definition private_edges :: "'v set set \<Rightarrow> 'v set set \<Rightarrow> 'v set \<Rightarrow> 'v set set" where
  "private_edges F M e = {f\<in>F. f \<inter> e \<noteq> {} \<and> (\<forall>e'\<in>M. e' \<noteq> e \<longrightarrow> f \<inter> e' = {})}"

lemma card_private_edges_le:
  assumes "matching F" "finite e"
  shows "card (private_edges F M e) \<le> card e"
proof -
  have "matching (private_edges F M e)"
    using assms(1) by (rule matching_subset) (auto simp: private_edges_def)
  then have "card {f\<in>private_edges F M e. f \<inter> e \<noteq> {}} \<le> card e"
    using assms(2) by (rule card_edges_meeting_le)
  moreover have "{f\<in>private_edges F M e. f \<inter> e \<noteq> {}} = private_edges F M e"
    by (auto simp: private_edges_def)
  ultimately show ?thesis
    by (simp only:)
qed

lemma two_le_card_Int_Union_unless_private:
  assumes "matching M" "finite (\<Union>M)" "f \<in> F" "f \<inter> \<Union>M \<noteq> {}"
  shows "2 \<le> card (f \<inter> \<Union>M) + of_bool (\<exists>e\<in>M. f \<in> private_edges F M e)"
proof -
  obtain e where e: "e \<in> M" "f \<inter> e \<noteq> {}"
    using assms(4) by blast
  show ?thesis
  proof (cases "\<exists>e\<in>M. f \<in> private_edges F M e")
    case True
    with e assms(2) have "card (f \<inter> \<Union>M) \<noteq> 0"
      by auto
    with True show ?thesis
      by simp
  next
    case False
    with e assms(3) obtain e' where e': "e' \<in> M" "e' \<noteq> e" "f \<inter> e' \<noteq> {}"
      unfolding private_edges_def by blast
    with e obtain x y where "x \<in> f \<inter> e" "y \<in> f \<inter> e'"
      by blast
    moreover have "e \<inter> e' = {}"
      using assms(1) e(1) e' unfolding matching_def by blast
    ultimately have "x \<noteq> y" "{x, y} \<subseteq> f \<inter> \<Union>M"
      using e(1) e'(1) by blast+
    then show ?thesis
      using card_mono[OF _ \<open>{x, y} \<subseteq> f \<inter> \<Union>M\<close>] assms(2) by simp
  qed
qed

lemma double_card_matching_le:
  assumes "matching F" "finite F" "matching M" "finite M" "uniform r M"
    and meets: "\<And>f. f \<in> F \<Longrightarrow> f \<inter> \<Union>M \<noteq> {}"
  shows "2 * card F \<le> (r + 1) * card M + (r - 1) * card {e\<in>M. 2 \<le> card (private_edges F M e)}"
proof -
  let ?V = "\<Union>M" and ?P = "private_edges F M"
  define Priv where "Priv = (\<Union>e\<in>M. ?P e)"
  have "finite ?V"
    using assms(4,5) by (auto simp: uniform_def)
  have "Priv \<subseteq> F"
    by (auto simp: Priv_def private_edges_def)
  have two_le: "2 \<le> card (f \<inter> ?V) + of_bool (f \<in> Priv)" if "f \<in> F" for f
    using two_le_card_Int_Union_unless_private[OF assms(3) \<open>finite ?V\<close> that meets[OF that]]
    by (simp add: Priv_def)
  have "2 * card F = (\<Sum>f\<in>F. 2)"
    by simp
  also have "\<dots> \<le> (\<Sum>f\<in>F. card (f \<inter> ?V) + of_bool (f \<in> Priv))"
    by (rule sum_mono) (rule two_le)
  also have "\<dots> = (\<Sum>f\<in>F. card (f \<inter> ?V)) + card Priv"
    using assms(2) \<open>Priv \<subseteq> F\<close> by (simp add: sum.distrib Int_absorb1)
  also have "(\<Sum>f\<in>F. card (f \<inter> ?V)) \<le> card ?V"
    using assms(1) \<open>finite ?V\<close> by (rule sum_card_Int_le_card)
  also have "card ?V \<le> r * card M"
    using card_Union_le_sum_card[of M] assms(5) by (simp add: uniform_def mult.commute)
  also have "card Priv \<le> (\<Sum>e\<in>M. card (?P e))"
    unfolding Priv_def using assms(4) by (rule card_UN_le)
  also have "\<dots> \<le> (\<Sum>e\<in>M. 1 + of_bool (2 \<le> card (?P e)) * (r - 1))"
  proof (rule sum_mono)
    fix e assume "e \<in> M"
    with assms(5) have "finite e" "card e = r"
      by (auto simp: uniform_def)
    with assms(1) have "card (?P e) \<le> r"
      using card_private_edges_le by metis
    then show "card (?P e) \<le> 1 + of_bool (2 \<le> card (?P e)) * (r - 1)"
      by auto
  qed
  also have "\<dots> = card M + (r - 1) * card {e\<in>M. 2 \<le> card (?P e)}"
    using assms(4) by (simp only: sum.distrib) (simp add: Collect_conj_eq mult.commute)
  finally show ?thesis
    by (simp add: algebra_simps)
qed

definition rainbow_colouring :: "nat \<Rightarrow> (nat \<Rightarrow> 'v set set) \<Rightarrow> 'v set set \<Rightarrow> ('v set \<Rightarrow> nat) \<Rightarrow> bool" where
  "rainbow_colouring n H M \<phi> \<longleftrightarrow> inj_on \<phi> M \<and> \<phi> ` M \<subseteq> {1..n} \<and> (\<forall>e\<in>M. e \<in> H (\<phi> e))"

lemma rainbow_matching_iff: "rainbow_matching n H M \<longleftrightarrow> matching M \<and> (\<exists>\<phi>. rainbow_colouring n H M \<phi>)"
  unfolding rainbow_matching_def rainbow_colouring_def by blast

lemma rainbow_colouring_subset:
  "rainbow_colouring n H M \<phi> \<Longrightarrow> M' \<subseteq> M \<Longrightarrow> rainbow_colouring n H M' \<phi>"
  unfolding rainbow_colouring_def by (auto intro: inj_on_subset)

lemma rainbow_colouring_insert:
  assumes "rainbow_colouring n H M \<phi>" "j \<in> {1..n}" "j \<notin> \<phi> ` M" "f \<in> H j" "f \<notin> M"
  shows "rainbow_colouring n H (insert f M) (\<phi>(f := j))"
  using assms unfolding rainbow_colouring_def by (auto simp: inj_on_def)

lemma max_rainbow_attained:
  assumes "finite (\<Union>i\<in>{1..n}. H i)"
  obtains M where "rainbow_matching n H M" "card M = max_rainbow n H"
    "\<And>M'. rainbow_matching n H M' \<Longrightarrow> card M' \<le> card M"
proof -
  let ?C = "{card M | M. rainbow_matching n H M}"
  have "?C \<subseteq> {..card (\<Union>i\<in>{1..n}. H i)}"
    using assms by (auto simp: rainbow_matching_def intro: card_mono)
  then have "finite ?C"
    by (rule finite_subset) simp
  have "rainbow_matching n H {}"
    by (simp add: rainbow_matching_def matching_def)
  with \<open>finite ?C\<close> have "max_rainbow n H \<in> ?C"
    unfolding max_rainbow_def by (intro Max_in) auto
  moreover have "card M' \<le> max_rainbow n H" if "rainbow_matching n H M'" for M'
    unfolding max_rainbow_def using \<open>finite ?C\<close> that by (intro Max_ge) auto
  ultimately show ?thesis
    using that by auto
qed

locale maximum_rainbow_matching =
  fixes n :: nat and H :: "nat \<Rightarrow> 'v set set" and r :: nat
    and M :: "'v set set" and \<phi> :: "'v set \<Rightarrow> nat"
  assumes r_pos: "0 < r"
    and uniform_H: "uniform r (\<Union>i\<in>{1..n}. H i)"
    and matching_H: "\<And>i. i \<in> {1..n} \<Longrightarrow> matching (H i)"
    and finite_H: "\<And>i. i \<in> {1..n} \<Longrightarrow> finite (H i)"
    and matching_M: "matching M"
    and colouring: "rainbow_colouring n H M \<phi>"
    and maximum: "\<And>M'. rainbow_matching n H M' \<Longrightarrow> card M' \<le> card M"
begin

definition unused :: "nat set" where
  "unused = {1..n} - \<phi> ` M"

lemma unused_colour: "j \<in> unused \<Longrightarrow> j \<in> {1..n} \<and> j \<notin> \<phi> ` M"
  by (simp add: unused_def)

lemma uniform_M: "uniform r M"
  using uniform_H colouring unfolding uniform_def rainbow_colouring_def by blast

lemma finite_M: "finite M"
proof -
  have "M \<subseteq> (\<Union>i\<in>{1..n}. H i)"
    using colouring unfolding rainbow_colouring_def by blast
  then show ?thesis
    using finite_H by (meson finite_UN_I finite_atLeastAtMost finite_subset)
qed

lemma card_used_colours: "card (\<phi> ` M) = card M"
  using colouring by (simp add: rainbow_colouring_def card_image)

lemma card_unused: "card unused = n - card M"
  using colouring card_used_colours finite_M
  by (simp add: unused_def rainbow_colouring_def card_Diff_subset)

lemma card_M_le: "card M \<le> n"
  using colouring card_mono[of "{1..n}" "\<phi> ` M"] card_used_colours
  by (simp add: rainbow_colouring_def)

lemma finite_unused: "finite unused"
  by (simp add: unused_def)

lemma edge_nonempty: "j \<in> {1..n} \<Longrightarrow> f \<in> H j \<Longrightarrow> f \<noteq> {}"
  using uniform_H r_pos unfolding uniform_def by fastforce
---
[TASK DETAILS]
The lines of the records that contain the string "only" should be located and copied.

[WRITTEN REPLY]
    by (simp only:)
    using assms(4) by (simp only: sum.distrib) (simp add: Collect_conj_eq mult.commute)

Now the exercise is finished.